EGAM: Extended Graph Attention Model for Solving Routing Problems
Licheng Wang, Yuzi Yan, Mingtao Huang, Yuan Shen
TL;DR
EGAM tackles NP-hard routing problems by extending graph attention to jointly update node and edge embeddings through Edge-Node and Node-Edge attention within an autoregressive encoder-decoder framework. Trained with REINFORCE and a symmetry-based baseline, EGAM achieves near-optimal solutions without labeled data, excelling particularly on highly constrained problems such as TSPTW, TSPDL, and VRPTW. Key contributions include a generalized attention mechanism over graphs, a scalable encoder-decoder architecture with integrated attention layers, and a baseline that leverages problem symmetries to improve sample efficiency.
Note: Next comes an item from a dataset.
(* Let $U\subseteq L_{\mathrm{up}}$ be a set of up-links such that the sets $P_u$, $u\in U$, are pairwise disjoint, and let $(C,A)$ be a (weakly) connected component of the dependency graph of $U$ (which is an arborescence). Let $\ell\in C$ and let $H_\ell$ be the arc set of the directed path in $(C,A)$ from the root of $(C,A)$ to $\ell$. Then $$\bigl|\{\bar\ell\in C\setminus\{\ell\}\colon \mathrm{apex}(\ell)\in V_{\bar\ell}\}\bigr|\ \le\ \bigl|\{u\in U\colon H_\ell\cap A_u\neq\emptyset\}\bigr|.$$
   Context: Let $(G=(V,E),L,w)$ be a WTAP instance (spanning tree $G$, links $L\subseteq\binom V2$, weights $w>0$) with a fixed root $r\in V$, and let $F\subseteq L$ be a WTAP solution, i.e. $\bigcup_{\ell\in F}P_\ell=E$, where $P_\ell$ is the edge set of the tree path between the endpoints of $\ell$ and $V_\ell$ its vertex set. Ancestors of $v$ are the vertices on the $r$-$v$ path in $G$ (including $r$ and $v$); descendants are defined reciprocally. $\mathrm{apex}(\ell)$ is the vertex of $V_\ell$ closest to $r$. An up-link is a link $\{t,b\}$ with $t$ an ancestor of $b$; $L_{\mathrm{up}}$ is the set of up-links. For $v\in V$ let $B_v=\{\ell\in F\colon\mathrm{apex}(\ell)\text{ is a descendant of }v\}$. For an up-link $u=\{t,b\}$ with $t$ an ancestor of $b$, let $v_u$ be the ancestor of $t$ farthest from $r$ such that $P_u\subseteq\bigcup_{\ell\in B_{v_u}}P_\ell$, and fix $F_u\subseteq B_{v_u}$ inclusion-wise minimal with $P_u\subseteq\bigcup_{\ell\in F_u}P_\ell$. For $\ell\in F_u$ let $P_{u,\ell}=P_u\setminus\bigcup_{\bar\ell\in F_u\setminus\{\ell\}}P_{\bar\ell}$; these sets are nonempty, pairwise disjoint, and each is the edge set of a path. Define $\ell_1\prec_u\ell_2$ iff the edges of $P_{u,\ell_1}$ appear before those of $P_{u,\ell_2}$ on the $t$-$b$ path in $G$. If $\ell_1\prec_u\cdots\prec_u\ell_q$ are the links of $F_u$, let $A_u=\{(\ell_i,\ell_{i+1})\colon i=1,\dots,q-1\}$. The dependency graph of $U\subseteq L_{\mathrm{up}}$ is the directed graph with vertex set $F$ whose arc set is the disjoint union of the $A_u$, $u\in U$. When the $P_u$, $u\in U$, are pairwise disjoint, this graph is a branching (no directed cycles, in-degrees at most one), so each weakly connected component is an arborescence. *)

theory Defs
  imports Complex_Main
begin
The results demonstrate that edge-aware EGAM matches or surpasses state-of-the-art RL-based NCO solvers across diverse routing problems and scales favorably to more complex graph structures, offering a versatile framework for broader graph-structured combinatorial optimization.
Abstract
Neural combinatorial optimization (NCO) solvers, implemented with graph neural networks (GNNs), have introduced new approaches for solving routing problems. Trained with reinforcement learning (RL), the state-of-the-art graph attention model (GAM) achieves near-optimal solutions without requiring expert knowledge or labeled data. In this work, we generalize the existing graph attention mechanism and propose the extended graph attention model (EGAM). Our model utilizes multi-head dot-product attention to update both node and edge embeddings, addressing the limitations of the conventional GAM, which considers only node features. We employ an autoregressive encoder-decoder architecture and train it with policy gradient algorithms that incorporate a specially designed baseline. Experiments show that EGAM matches or outperforms existing methods across various routing problems. Notably, the proposed model demonstrates exceptional performance on highly constrained problems, highlighting its efficiency in handling complex graph structures.